- _TASK DIRECTIONS_: Since only part of the material below is wanted, output exactly the lines from the one with "ultimately obtain k" up to and including the one with "proof (rule sylow_thm[of r G 1 m])".

- _TASK DATA_:
(* Let $\mathbb{F}_q$ be a fixed finite field with $q$ odd and $q\equiv1\pmod 4$. Then, as $g\to\infty$, $$\#\{P\in\mathbb{F}_q[T] \text{ monic irreducible}: \deg P=2g+1,\ L(\tfrac12,\chi_P)\neq 0\}\gg \frac{|P|}{(\log_q|P|)^2},$$ where $|P|=q^{2g+1}$ and $\log_q|P|=2g+1$.
   Context: $A=\mathbb{F}_q[T]$; for nonzero $f\in A$, $|f|=q^{\deg f}$. For a monic irreducible $Q$ and $a\in A$, $\left(\frac{a}{Q}\right)$ is $0$ if $Q\mid a$, $1$ if $a$ is a nonzero square mod $Q$, $-1$ otherwise; extended to monic $f=\prod Q_i^{e_i}$ by $\left(\frac{a}{f}\right)=\prod\left(\frac{a}{Q_i}\right)^{e_i}$, $\left(\frac{a}{1}\right)=1$. For monic irreducible $P$, $\chi_P(f)=\left(\frac{P}{f}\right)$. For $P$ of odd degree $2g+1$, $L(s,\chi_P)=\sum_{f\text{ monic}}\chi_P(f)|f|^{-s}$ is a polynomial in $u=q^{-s}$ of degree $2g$, and $L(\tfrac12,\chi_P)$ is its value at $u=q^{-1/2}$. The implied constant may depend on $q$. *)

theory Defs
  imports "HOL-Analysis.Analysis" "HOL-Computational_Algebra.Computational_Algebra"
begin

definition leg_sym :: "'a::{field_gcd,finite} poly \<Rightarrow> 'a poly \<Rightarrow> int" where
  "leg_sym a Q = (if Q dvd a then 0
                  else if (\<exists>b. b^2 mod Q = a mod Q) then 1 else -1)"

definition jac_sym :: "'a::{field_gcd,finite} poly \<Rightarrow> 'a poly \<Rightarrow> int" where
  "jac_sym a f = (\<Prod>Q\<in>#prime_factorization f. leg_sym a Q)"

definition chi :: "'a::{field_gcd,finite} poly \<Rightarrow> 'a poly \<Rightarrow> int" where
  "chi P f = jac_sym P f"

text \<open>Coefficient of u^n in L(s,chi_P) = sum over lead_coeff f = 1 of chi_P(f) u^(deg f).\<close>
definition L_coeff :: "'a::{field_gcd,finite} poly \<Rightarrow> nat \<Rightarrow> int" where
  "L_coeff P n = (\<Sum>f\<in>{f. lead_coeff f = 1 \<and> degree f = n}. chi P f)"

text \<open>L(1/2,chi_P): the series in u evaluated at u = q^(-1/2).\<close>
definition L_half :: "'a::{field_gcd,finite} poly \<Rightarrow> real" where
  "L_half P = (\<Sum>n. real_of_int (L_coeff P n) * (real CARD('a) powr (-1/2)) ^ n)"

end

theory Submission
  imports Defs "HOL-Algebra.Algebraic_Closure_Type" "HOL-Algebra.Sylow"
begin

(*
  For q = 1 (mod 4) we prove the corollary in a stronger form: L(1/2, chi_P) is nonzero for
  EVERY monic irreducible P of odd degree 2g+1.  The counted set is therefore the set of all monic
  irreducibles of degree n = 2g+1, and Gauss's count gives at least q^n / (2n) of them.

  By quadratic reciprocity (which has no sign when q = 1 mod 4) the coefficient of
  u^m in L(u, chi_P) is the character sum c_m = sum over monic f of degree m of (f/P).  For
  m >= deg P it vanishes: multiplying the residue of f modulo P by a nonsquare constant c, which
  is a nonresidue modulo P because deg P is odd, is a sign-reversing bijection.  For m < deg P every
  term is +-1 and there are q^m of them, so c_m is odd.  Writing q^g L(q^(-1/2)) = X + Y sqrt q
  with integers X, Y, the parities of X and Y are those of g+1 and g, which contradicts X^2 = q Y^2.
*)

(* Keep the names prime, irreducible, coeff, degree, ... for the polynomial (type-class) notions
   rather than the structure-based ones of HOL-Algebra. *)
hide_const (open) Divisibility.prime Divisibility.irreducible up_ring.coeff UnivPoly.monom
  Polynomials.lead_coeff Polynomials.degree module.smult

section \<open>Finite fields\<close>

lemma nat_power_of_only_prime_divisor:
  fixes n p :: nat
  assumes "n > 0" "\<And>r. prime r \<Longrightarrow> r dvd n \<Longrightarrow> r = p"
  shows "\<exists>k. n = p ^ k"
  using assms
proof (induction n rule: less_induct)
  case (less n)
  show ?case
  proof (cases "n = 1")
    case True then show ?thesis by (intro exI[of _ 0]) auto
  next
    case False
    then obtain r where r: "prime r" "r dvd n" using prime_factor_nat by blast
    then obtain m where m: "n = p * m" using less.prems by (auto elim: dvdE)
    have "m < n" "m > 0" using m less.prems(1) r prime_gt_1_nat less.prems(2)[OF r] by auto
    moreover have "\<And>r. prime r \<Longrightarrow> r dvd m \<Longrightarrow> r = p" using less.prems(2) m by auto
    ultimately obtain k where "m = p ^ k" using less.IH by blast
    then show ?thesis using m by (intro exI[of _ "Suc k"]) auto
  qed
qed

lemma prime_CHAR_finite_field: "prime CHAR('a::{field,finite})"
  using prime_CHAR_semidom[where ?'a='a] finite_imp_CHAR_pos[where ?'a='a] by auto

lemma additive_pow_eq_of_nat:
  fixes x :: "'a::ring_1"
  shows "x [^]\<^bsub>\<lparr>carrier = UNIV, monoid.mult = (+), one = (0::'a)\<rparr>\<^esub> (n::nat) = of_nat n * x"
  by (induction n) (auto simp: algebra_simps)

(* The order q of a finite field is a power of its characteristic p: a prime r \<noteq> p dividing q
   would give (Sylow/Cauchy) a nonzero element h with r*h = 0 = p*h, forcing h = 0.  This is what
   makes x \<mapsto> x^q additive. *)
lemma card_finite_field_CHAR_power:
  "\<exists>k. CARD('a::{field,finite}) = CHAR('a) ^ k"
proof (rule nat_power_of_only_prime_divisor)
  show "CARD('a) > 0" by simp
next
  fix r assume r: "prime r" "r dvd CARD('a)"
  show "r = CHAR('a)"
  proof (rule ccontr)
    assume ne: "r \<noteq> CHAR('a)"
    define G where "G = \<lparr> carrier = (UNIV :: 'a set), monoid.mult = (+), one = (0 :: 'a) \<rparr>"
    interpret group G
    proof (rule groupI)
      fix x assume "x \<in> carrier G"
      show "\<exists>y\<in>carrier G. y \<otimes>\<^bsub>G\<^esub> x = \<one>\<^bsub>G\<^esub>"
        by (intro bexI[of _ "-x"]) (auto simp: G_def)
    qed (auto simp: G_def add_ac)
    obtain m where m: "CARD('a) = r * m" using r by (auto elim: dvdE)
    have "\<exists>H. subgroup H G \<and> card H = r ^ 1"
    proof (rule sylow_thm[of r G 1 m])
      show "group G" by (rule is_group)
      show "order G = r ^ 1 * m" using m by (simp add: G_def order_def)
      show "finite (carrier G)" by (simp add: G_def)
    qed (use r in simp)
    then obtain H where H: "subgroup H G" "card H = r" by auto
    interpret HG: group "G\<lparr>carrier := H\<rparr>" using subgroup_imp_group[OF H(1)] .
    have "card H \<ge> 2" using H(2) r prime_ge_2_nat by auto
    then have "\<not> H \<subseteq> {0}" using card_mono[of "{0::'a}" H] by fastforce
    then obtain h where h: "h \<in> H" "h \<noteq> 0" by auto
    have "h [^]\<^bsub>G\<lparr>carrier := H\<rparr>\<^esub> order (G\<lparr>carrier := H\<rparr>) = \<one>\<^bsub>G\<lparr>carrier := H\<rparr>\<^esub>"
      using HG.pow_order_eq_1[of h] h by simp
    moreover have "order (G\<lparr>carrier := H\<rparr>) = r" using H(2) by (simp add: order_def)
    moreover have "h [^]\<^bsub>G\<lparr>carrier := H\<rparr>\<^esub> (n::nat) = h [^]\<^bsub>G\<^esub> n" for n
      by (simp add: nat_pow_def)
    ultimately have hr: "of_nat r * h = 0"
      using additive_pow_eq_of_nat[of h r] by (simp add: G_def)
    have "coprime r CHAR('a)"
      using r(1) prime_CHAR_finite_field[where ?'a='a] ne by (simp add: primes_coprime)
    then obtain x y where xy: "r * x = CHAR('a) * y + 1"
      using bezout_nat[of r "CHAR('a)"] r(1) by (auto simp: prime_gt_0_nat)
    have "of_nat x * (of_nat r * h) = of_nat y * (of_nat CHAR('a) * h) + (h :: 'a)"
      using arg_cong[OF xy, of "\<lambda>k. of_nat k * h :: 'a"] by (simp add: algebra_simps)
    then have "h = 0" using hr by simp
    with h show False by simp
  qed
qed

- _RESPONSE FOR THIS EXERCISE_:
    ultimately obtain k where "m = p ^ k" using less.IH by blast
    then show ?thesis using m by (intro exI[of _ "Suc k"]) auto
  qed
qed

lemma prime_CHAR_finite_field: "prime CHAR('a::{field,finite})"
  using prime_CHAR_semidom[where ?'a='a] finite_imp_CHAR_pos[where ?'a='a] by auto

lemma additive_pow_eq_of_nat:
  fixes x :: "'a::ring_1"
  shows "x [^]\<^bsub>\<lparr>carrier = UNIV, monoid.mult = (+), one = (0::'a)\<rparr>\<^esub> (n::nat) = of_nat n * x"
  by (induction n) (auto simp: algebra_simps)

(* The order q of a finite field is a power of its characteristic p: a prime r \<noteq> p dividing q
   would give (Sylow/Cauchy) a nonzero element h with r*h = 0 = p*h, forcing h = 0.  This is what
   makes x \<mapsto> x^q additive. *)
lemma card_finite_field_CHAR_power:
  "\<exists>k. CARD('a::{field,finite}) = CHAR('a) ^ k"
proof (rule nat_power_of_only_prime_divisor)
  show "CARD('a) > 0" by simp
next
  fix r assume r: "prime r" "r dvd CARD('a)"
  show "r = CHAR('a)"
  proof (rule ccontr)
    assume ne: "r \<noteq> CHAR('a)"
    define G where "G = \<lparr> carrier = (UNIV :: 'a set), monoid.mult = (+), one = (0 :: 'a) \<rparr>"
    interpret group G
    proof (rule groupI)
      fix x assume "x \<in> carrier G"
      show "\<exists>y\<in>carrier G. y \<otimes>\<^bsub>G\<^esub> x = \<one>\<^bsub>G\<^esub>"
        by (intro bexI[of _ "-x"]) (auto simp: G_def)
    qed (auto simp: G_def add_ac)
    obtain m where m: "CARD('a) = r * m" using r by (auto elim: dvdE)
    have "\<exists>H. subgroup H G \<and> card H = r ^ 1"
    proof (rule sylow_thm[of r G 1 m])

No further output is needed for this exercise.